### Extracted entries

section \<open>Intersections of conjugate parabolic subgroups\<close>

lemma letter_eq_if_pair_trivial: "a \<in> S \<Longrightarrow> b \<in> S \<Longrightarrow> [a, b] \<simeq> [] \<Longrightarrow> [a] \<simeq> [b]"
  using cox_eq.cong[of S M "[a, b]" "[]" "[]" "[b]"] word_eq_cancel_letter[of "[a]" b "[]"]
  by (simp add: word_eq_sym) (metis word_eq_sym word_eq_trans)

lemma sts_in_W_commute:
  assumes I: "I \<subseteq> S" and s: "s \<in> S" "s \<notin> I" and t: "t \<in> I" and sts: "in_W I [s, t, s]"
  shows "[s, t] \<simeq> [t, s]"
proof (rule ccontr)
  assume noncomm: "\<not> [s, t] \<simeq> [t, s]"
  have tS: "t \<in> S" using t I by blast
  have not_s_t: "\<not> [s] \<simeq> [t]" "\<not> [t] \<simeq> [s]"
    using generator_not_in_W[OF s, of "[t]"] t word_eq_sym by auto
  have "\<not> [s] @ [t, s] \<simeq> [s] @ []"
    using word_eq_cancel_left[of "[s]" "[t, s]" "[]"] letter_eq_if_pair_trivial[of t s] s tS not_s_t
    by auto
  moreover have "\<not> [s, t, s, t] @ [s] \<simeq> [] @ [s]"
  proof
    assume "[s, t, s, t] @ [s] \<simeq> [] @ [s]"
    then have "[s, t, s, t] \<simeq> []" using word_eq_cancel_right s tS by simp
    then have "[s, t, s, t] @ [t, s] \<simeq> [] @ [t, s]" by (rule word_eq_append) (use s tS in auto)
    moreover have "[s, t, s, t] @ [t, s] \<simeq> [s, t]"
      using word_eq_cancel_letter[of "[s, t, s]" t "[s]"] word_eq_cancel_letter[of "[s, t]" s "[]"] s tS
      by (simp add: word_eq_trans)
    ultimately show False using noncomm by (metis append_Nil word_eq_sym word_eq_trans)
  qed
  ultimately have "refl_count [s, t, s] [s] = 1" by (simp add: refl_count_def)
  moreover obtain e where e: "set e \<subseteq> I" "[s, t, s] \<simeq> e" using sts by (auto simp: in_W_def)
  ultimately have "odd (refl_count e [s])" using refl_count_parity[of "[s, t, s]" e "[s]"] s tS by simp
  then obtain r where "r \<in> set (refl_seq e)" "r \<simeq> [s]" using odd_refl_count_in_refl_seq by blast
  then show False using generator_not_in_W[OF s, of r] set_refl_seq e(1) word_eq_sym by blast
qed

lemma refl_count_conj_odd:
  assumes I: "I \<subseteq> S" and s: "s \<in> S" "s \<notin> I" and x: "set x \<subseteq> I"
    and red: "reduced x" and q: "q < length x"
  shows "odd (refl_count (s # x) ([s] @ refl_seq x ! q @ [s]))"
proof -
  define r where "r = refl_seq x ! q"
  have xS: "set x \<subseteq> S" using x I by blast
  have rI: "set r \<subseteq> I" using set_refl_seq[of r x] x q by (auto simp: r_def)
  then have rS: "set r \<subseteq> S" using I by blast
  have "\<not> [s] \<simeq> [s] @ r @ [s]"
  proof
    assume "[s] \<simeq> [s] @ r @ [s]"
    then have "r \<simeq> [s, s, s]" using conj_word_eq_iff[of "[s]" r "[s]"] s rS word_eq_sym by auto
    moreover have "[s, s, s] \<simeq> [s]" using word_eq_cancel_letter[of "[]" s "[s]"] s by simp
    ultimately show False using generator_not_in_W[OF s rI] word_eq_sym word_eq_trans by blast
  qed
  then have "refl_count [s] ([s] @ r @ [s]) = 0" by (simp add: refl_count_def)
  moreover have "refl_count x ([s] @ ([s] @ r @ [s]) @ [s]) = refl_count x r"
  proof (rule refl_count_cong)
    have "[s] @ ([s] @ r @ [s]) @ [s] \<simeq> r @ [s, s]"
      using word_eq_cancel_letter[of "[]" s "r @ [s, s]"] s rS by simp
    also have "\<dots> \<simeq> r" using word_eq_cancel_letter[of r s "[]"] s rS by simp
    finally show "[s] @ ([s] @ r @ [s]) @ [s] \<simeq> r" .
  qed
  ultimately show ?thesis
    using refl_count_append[of "[s]" x "[s] @ r @ [s]"] reduced_refl_count_odd[OF red q] s xS rS
    by (simp add: r_def)
qed

lemma conj_last_reflection:
  assumes sx: "s # x1 @ [t] \<simeq> y @ [s]"
    and s: "s \<in> S" and t: "t \<in> S" and x1: "set x1 \<subseteq> S" and y: "set y \<subseteq> S"
  shows "y @ [s, t, s] @ rev y \<simeq> [s] @ (x1 @ [t] @ rev x1) @ [s]"
proof -
  define x where "x = x1 @ [t]"
  have x: "set x \<subseteq> S" using x1 t by (simp add: x_def)
  have "[s] @ rev y \<simeq> rev x @ [s]" using word_eq_rev[OF sx] s x word_eq_sym by (auto simp: x_def)
  then have "[t] @ ([s] @ rev y) \<simeq> [t] @ (rev x @ [s])"
    by (rule word_eq_append[OF word_eq_refl]) (use s x t in auto)
  then have "(y @ [s]) @ [t] @ ([s] @ rev y) \<simeq> (s # x) @ [t] @ (rev x @ [s])"
    by (rule word_eq_append[OF word_eq_sym[OF sx[folded x_def]]]) (use s x y t in auto)
  also have "\<dots> = [s] @ ((x1 @ [t]) @ t # t # rev x1) @ [s]" by (simp add: x_def)
  also have "\<dots> \<simeq> [s] @ ((x1 @ [t]) @ rev x1) @ [s]"
    using word_eq_cancel_letter[of "x1 @ [t]" t "rev x1"] s t x1 by (intro cox_eq.cong) auto
  finally show ?thesis by simp
qed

######

Task statement:
All entries given above should be transcribed exactly, with none omitted.

Exercise result:
section \<open>Intersections of conjugate parabolic subgroups\<close>

lemma letter_eq_if_pair_trivial: "a \<in> S \<Longrightarrow> b \<in> S \<Longrightarrow> [a, b] \<simeq> [] \<Longrightarrow> [a] \<simeq> [b]"
  using cox_eq.cong[of S M "[a, b]" "[]" "[]" "[b]"] word_eq_cancel_letter[of "[a]" b "[]"]
  by (simp add: word_eq_sym) (metis word_eq_sym word_eq_trans)

lemma sts_in_W_commute:
  assumes I: "I \<subseteq> S" and s: "s \<in> S" "s \<notin> I" and t: "t \<in> I" and sts: "in_W I [s, t, s]"
  shows "[s, t] \<simeq> [t, s]"
proof (rule ccontr)
  assume noncomm: "\<not> [s, t] \<simeq> [t, s]"
  have tS: "t \<in> S" using t I by blast
  have not_s_t: "\<not> [s] \<simeq> [t]" "\<not> [t] \<simeq> [s]"
    using generator_not_in_W[OF s, of "[t]"] t word_eq_sym by auto
  have "\<not> [s] @ [t, s] \<simeq> [s] @ []"
    using word_eq_cancel_left[of "[s]" "[t, s]" "[]"] letter_eq_if_pair_trivial[of t s] s tS not_s_t
    by auto
  moreover have "\<not> [s, t, s, t] @ [s] \<simeq> [] @ [s]"
  proof
    assume "[s, t, s, t] @ [s] \<simeq> [] @ [s]"
    then have "[s, t, s, t] \<simeq> []" using word_eq_cancel_right s tS by simp
    then have "[s, t, s, t] @ [t, s] \<simeq> [] @ [t, s]" by (rule word_eq_append) (use s tS in auto)
    moreover have "[s, t, s, t] @ [t, s] \<simeq> [s, t]"
      using word_eq_cancel_letter[of "[s, t, s]" t "[s]"] word_eq_cancel_letter[of "[s, t]" s "[]"] s tS
      by (simp add: word_eq_trans)
    ultimately show False using noncomm by (metis append_Nil word_eq_sym word_eq_trans)
  qed
  ultimately have "refl_count [s, t, s] [s] = 1" by (simp add: refl_count_def)
  moreover obtain e where e: "set e \<subseteq> I" "[s, t, s] \<simeq> e" using sts by (auto simp: in_W_def)
  ultimately have "odd (refl_count e [s])" using refl_count_parity[of "[s, t, s]" e "[s]"] s tS by simp
  then obtain r where "r \<in> set (refl_seq e)" "r \<simeq> [s]" using odd_refl_count_in_refl_seq by blast
  then show False using generator_not_in_W[OF s, of r] set_refl_seq e(1) word_eq_sym by blast
qed

lemma refl_count_conj_odd:
  assumes I: "I \<subseteq> S" and s: "s \<in> S" "s \<notin> I" and x: "set x \<subseteq> I"
    and red: "reduced x" and q: "q < length x"
  shows "odd (refl_count (s # x) ([s] @ refl_seq x ! q @ [s]))"
proof -
  define r where "r = refl_seq x ! q"
  have xS: "set x \<subseteq> S" using x I by blast
  have rI: "set r \<subseteq> I" using set_refl_seq[of r x] x q by (auto simp: r_def)
  then have rS: "set r \<subseteq> S" using I by blast
  have "\<not> [s] \<simeq> [s] @ r @ [s]"
  proof
    assume "[s] \<simeq> [s] @ r @ [s]"
    then have "r \<simeq> [s, s, s]" using conj_word_eq_iff[of "[s]" r "[s]"] s rS word_eq_sym by auto
    moreover have "[s, s, s] \<simeq> [s]" using word_eq_cancel_letter[of "[]" s "[s]"] s by simp
    ultimately show False using generator_not_in_W[OF s rI] word_eq_sym word_eq_trans by blast
  qed
  then have "refl_count [s] ([s] @ r @ [s]) = 0" by (simp add: refl_count_def)
  moreover have "refl_count x ([s] @ ([s] @ r @ [s]) @ [s]) = refl_count x r"
  proof (rule refl_count_cong)
    have "[s] @ ([s] @ r @ [s]) @ [s] \<simeq> r @ [s, s]"
      using word_eq_cancel_letter[of "[]" s "r @ [s, s]"] s rS by simp
    also have "\<dots> \<simeq> r" using word_eq_cancel_letter[of r s "[]"] s rS by simp
    finally show "[s] @ ([s] @ r @ [s]) @ [s] \<simeq> r" .
  qed
  ultimately show ?thesis
    using refl_count_append[of "[s]" x "[s] @ r @ [s]"] reduced_refl_count_odd[OF red q] s xS rS
    by (simp add: r_def)
qed

lemma conj_last_reflection:
  assumes sx: "s # x1 @ [t] \<simeq> y @ [s]"
    and s: "s \<in> S" and t: "t \<in> S" and x1: "set x1 \<subseteq> S" and y: "set y \<subseteq> S"
  shows "y @ [s, t, s] @ rev y \<simeq> [s] @ (x1 @ [t] @ rev x1) @ [s]"
proof -
  define x where "x = x1 @ [t]"
  have x: "set x \<subseteq> S" using x1 t by (simp add: x_def)
  have "[s] @ rev y \<simeq> rev x @ [s]" using word_eq_rev[OF sx] s x word_eq_sym by (auto simp: x_def)
  then have "[t] @ ([s] @ rev y) \<simeq> [t] @ (rev x @ [s])"
    by (rule word_eq_append[OF word_eq_refl]) (use s x t in auto)
  then have "(y @ [s]) @ [t] @ ([s] @ rev y) \<simeq> (s # x) @ [t] @ (rev x @ [s])"
    by (rule word_eq_append[OF word_eq_sym[OF sx[folded x_def]]]) (use s x y t in auto)
  also have "\<dots> = [s] @ ((x1 @ [t]) @ t # t # rev x1) @ [s]" by (simp add: x_def)
  also have "\<dots> \<simeq> [s] @ ((x1 @ [t]) @ rev x1) @ [s]"
    using word_eq_cancel_letter[of "x1 @ [t]" t "rev x1"] s t x1 by (intro cox_eq.cong) auto
  finally show ?thesis by simp
qed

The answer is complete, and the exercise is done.